In the late 1950s, Thais went to work for the Huntington County License Branch, where she sharpened her clerical skills for several years before moving on to become part of the staffs of the Huntington Township Assessor and Huntington County Assessor. Before long, opportunity came calling from the office of the Huntington County Sheriff.

Visitors to the department’s administrative offices on the second floor of the Courthouse would encounter Wilhelm’s pleasant, businesslike manner as she managed the mountain of paper work generated and consumed by a police agency.  Her business attire was that of a uniformed deputy, which was a relatively rare sight, even in the early 1980s.

Her skills won her the admiration of Sheriff Ray Williams. When he stepped down in 1985 from six years in the department’s top spot Williams appointed Wilhelm to succeed him as on an interim basis.  She became one of six candidates to announce for sheriff in a special election conducted by the county’s 28 Democrat precinct officials.

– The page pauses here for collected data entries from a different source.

(* Let $G=B(H)$ for some connected graph $H$ with at least one edge. Then $KB_e(G)$ is a cycle, a path, or contains an induced $(n,m)$-necklace with $n\ge 6$ and $m\ge 1$ whose cycle has good neighbours in $KB_e(G)$.
   Context: All graphs are finite, simple and undirected. A biclique of a graph $X$ is a maximal (with respect to inclusion) induced subgraph of $X$ that is a complete bipartite graph $K_{p,q}$ with $p,q\ge 1$; $KB_e(X)$ has one vertex per biclique of $X$, two distinct vertices adjacent iff the bicliques share an edge. The burgeon graph $B(H)$ is obtained by replacing each vertex $v$ of $H$ by a clique $C_v$ on $d(v)$ vertices, whose vertices are in bijection with the neighbours of $v$; for each edge $uv$ of $H$, the vertex of $C_v$ corresponding to $u$ is joined to the vertex of $C_u$ corresponding to $v$; there are no other edges between different cliques. For $n\ge3$, $m\ge1$, the $(n,m)$-necklace is the graph on $n+m$ vertices consisting of an induced cycle $C_n$ and a complete graph $K_m$ such that, for one fixed edge $xy$ of the cycle, every vertex of the $K_m$ is adjacent to $x$ and $y$ and to no other vertex of the cycle. An induced cycle $C=v_0\ldots v_{n-1}$ ($n\ge5$) of a graph $X$ has good neighbours in $X$ if for every vertex $v\in V(X)\setminus V(C)$ and every $i$ (indices mod $n$), $\{v_{i-1},v_{i+1}\}\subseteq N(v)$ implies $v_i\in N(v)$. *)

theory Defs
  imports Main
begin

definition graph :: "'a set \<Rightarrow> ('a \<Rightarrow> 'a \<Rightarrow> bool) \<Rightarrow> bool" where
  "graph V E \<longleftrightarrow> finite V \<and> (\<forall>x y. E x y \<longrightarrow> x \<in> V \<and> y \<in> V)
     \<and> (\<forall>x y. E x y \<longrightarrow> E y x) \<and> (\<forall>x. \<not> E x x)"

definition connected_graph :: "'a set \<Rightarrow> ('a \<Rightarrow> 'a \<Rightarrow> bool) \<Rightarrow> bool" where
  "connected_graph V E \<longleftrightarrow> (\<forall>u\<in>V. \<forall>v\<in>V. E\<^sup>*\<^sup>* u v)"

definition has_edge :: "('a \<Rightarrow> 'a \<Rightarrow> bool) \<Rightarrow> bool" where
  "has_edge E \<longleftrightarrow> (\<exists>x y. E x y)"

definition induces_complete_bipartite :: "('a \<Rightarrow> 'a \<Rightarrow> bool) \<Rightarrow> 'a set \<Rightarrow> bool" where
  "induces_complete_bipartite E S \<longleftrightarrow>
     (\<exists>A B. A \<noteq> {} \<and> B \<noteq> {} \<and> A \<inter> B = {} \<and> S = A \<union> B
        \<and> (\<forall>x\<in>A. \<forall>y\<in>A. \<not> E x y) \<and> (\<forall>x\<in>B. \<forall>y\<in>B. \<not> E x y)
        \<and> (\<forall>x\<in>A. \<forall>y\<in>B. E x y))"

definition biclique :: "'a set \<Rightarrow> ('a \<Rightarrow> 'a \<Rightarrow> bool) \<Rightarrow> 'a set \<Rightarrow> bool" where
  "biclique V E S \<longleftrightarrow> S \<subseteq> V \<and> induces_complete_bipartite E S
     \<and> (\<forall>T. S \<subseteq> T \<and> T \<subseteq> V \<and> induces_complete_bipartite E T \<longrightarrow> T = S)"

definition KBe_V :: "'a set \<Rightarrow> ('a \<Rightarrow> 'a \<Rightarrow> bool) \<Rightarrow> 'a set set" where
  "KBe_V V E = {S. biclique V E S}"

definition KBe_E :: "'a set \<Rightarrow> ('a \<Rightarrow> 'a \<Rightarrow> bool) \<Rightarrow> 'a set \<Rightarrow> 'a set \<Rightarrow> bool" where
  "KBe_E V E S T \<longleftrightarrow> S \<noteq> T \<and> biclique V E S \<and> biclique V E T
     \<and> (\<exists>x\<in>S \<inter> T. \<exists>y\<in>S \<inter> T. E x y)"

text \<open>Burgeon graph B(H): the vertex (v,u) is the vertex of the clique C_v
corresponding to the neighbour u of v.\<close>
definition burgeon_V :: "'a set \<Rightarrow> ('a \<Rightarrow> 'a \<Rightarrow> bool) \<Rightarrow> ('a \<times> 'a) set" where
  "burgeon_V V E = {(v, u). v \<in> V \<and> E v u}"

definition burgeon_E :: "('a \<Rightarrow> 'a \<Rightarrow> bool) \<Rightarrow> ('a \<times> 'a) \<Rightarrow> ('a \<times> 'a) \<Rightarrow> bool" where
  "burgeon_E E p q \<longleftrightarrow> E (fst p) (snd p) \<and> E (fst q) (snd q)
     \<and> ((fst p = fst q \<and> snd p \<noteq> snd q) \<or> (fst p = snd q \<and> snd p = fst q))"

definition is_path_graph :: "'a set \<Rightarrow> ('a \<Rightarrow> 'a \<Rightarrow> bool) \<Rightarrow> bool" where
  "is_path_graph V E \<longleftrightarrow> (\<exists>vs. vs \<noteq> [] \<and> distinct vs \<and> set vs = V
     \<and> (\<forall>x y. E x y \<longleftrightarrow> (\<exists>i. Suc i < length vs \<and>
            ((x = vs ! i \<and> y = vs ! Suc i) \<or> (y = vs ! i \<and> x = vs ! Suc i)))))"

definition is_cycle_graph :: "'a set \<Rightarrow> ('a \<Rightarrow> 'a \<Rightarrow> bool) \<Rightarrow> bool" where
  "is_cycle_graph V E \<longleftrightarrow> (\<exists>vs. length vs \<ge> 3 \<and> distinct vs \<and> set vs = V
     \<and> (\<forall>x y. E x y \<longleftrightarrow> (\<exists>i<length vs.
            (x = vs ! i \<and> y = vs ! (Suc i mod length vs))
          \<or> (y = vs ! i \<and> x = vs ! (Suc i mod length vs)))))"

definition induced_cycle :: "'a set \<Rightarrow> ('a \<Rightarrow> 'a \<Rightarrow> bool) \<Rightarrow> 'a list \<Rightarrow> bool" where
  "induced_cycle V E cs \<longleftrightarrow> length cs \<ge> 3 \<and> distinct cs \<and> set cs \<subseteq> V
     \<and> (\<forall>i<length cs. \<forall>j<length cs. E (cs ! i) (cs ! j) \<longleftrightarrow>
           (j = Suc i mod length cs \<or> i = Suc j mod length cs))"

definition good_neighbours :: "'a set \<Rightarrow> ('a \<Rightarrow> 'a \<Rightarrow> bool) \<Rightarrow> 'a list \<Rightarrow> bool" where
  "good_neighbours V E cs \<longleftrightarrow> (let n = length cs in
     (\<forall>v \<in> V - set cs. \<forall>i<n.
        E v (cs ! ((i + n - 1) mod n)) \<and> E v (cs ! (Suc i mod n)) \<longrightarrow> E v (cs ! i)))"

text \<open>cs together with K induces an (n,m)-necklace with n = length cs, m = card K,
whose cycle is cs and whose fixed cycle edge is cs!j cs!(j+1 mod n).\<close>
definition induced_necklace :: "'a set \<Rightarrow> ('a \<Rightarrow> 'a \<Rightarrow> bool) \<Rightarrow> 'a list \<Rightarrow> 'a set \<Rightarrow> bool" where
  "induced_necklace V E cs K \<longleftrightarrow> induced_cycle V E cs \<and> finite K \<and> K \<noteq> {}
     \<and> K \<subseteq> V \<and> K \<inter> set cs = {}
     \<and> (\<forall>x\<in>K. \<forall>y\<in>K. x \<noteq> y \<longrightarrow> E x y)
     \<and> (\<exists>j<length cs. \<forall>x\<in>K. \<forall>i<length cs.
          E x (cs ! i) \<longleftrightarrow> (i = j \<or> i = Suc j mod length cs))"

end

theory Submission
  imports Defs
begin

text \<open>
Two cliques C_u, C_v of B(H) are joined by at most one edge, so every 4-cycle of B(H) has chords
and its bicliques are induced stars. Unless H = K_2, the maximal ones are the cherries
(v,w) -- (v,u) -- (u,v), one for every path u - v - w of H, and two cherries share an edge iff
they share the central edge (v,u) -- (u,v) or one arises from the other by exchanging centre and
leaf inside C_v. If a vertex b of H has three neighbours a, c, d and moreover a fourth neighbour e,
or a has a neighbour x other than b, then the six cherries centred at (b,y) with leaf (b,z) for
distinct y, z in {a, c, d} form an induced hexagon with good neighbours, and the cherry centred at
(b,a) with leaf (b,e), respectively at (a,b) with leaf (a,x), meets exactly two consecutive ones:
a (6,1)-necklace. Otherwise every cherry meets at
most two others, and KB_e(B(H)) is connected because H is; a longest path of such a graph spans
it, so the graph is a path or a cycle.
\<close>

section \<open>Connected graphs of maximum degree two\<close>

lemma graph_sym: "graph V R \<Longrightarrow> R x y \<Longrightarrow> R y x"
  and graph_irrefl: "graph V R \<Longrightarrow> \<not> R x x"
  and graph_edge_in: "graph V R \<Longrightarrow> R x y \<Longrightarrow> x \<in> V \<and> y \<in> V"
  by (auto simp: graph_def)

A majority of those voting was required for election, and it took six ballots for the field to be winnowed to the final two candidates. On that ballot, Wilhelm received 15 votes and, by a slim two-vote margin, became Huntington County’s 38th sheriff — and the first woman to hold the position.

Other Hoosier females had held the title of sheriff, but they had achieved that status as successors to a deceased spouse or, like Wilhelm, to fill an unexpired term. In 1986, Wilhelm won election to the office in the general election and became the first popularly elected female sheriff in Indiana history.

In 1990, she was elected to a second four-year term. Among her accomplishment in office was to fully develop an inmate trusty program at the County Jail.

Indiana law forbids sheriffs from running for more than two full terms so Wilhelm could not seek reelection in 1994. She retired from the department in 1995.

Wilhelm cultivated interests outside public office as well. For 50 years she was a member of Huntington’s Child Welfare Club, and served on the boards of directors of the Salvation Army, Youth Services Bureau, REMC and the American Business Women’s Association.  She was an avid bridge player and she and her husband enjoyed traveling in their retirement, visiting every state and nearly every presidential library.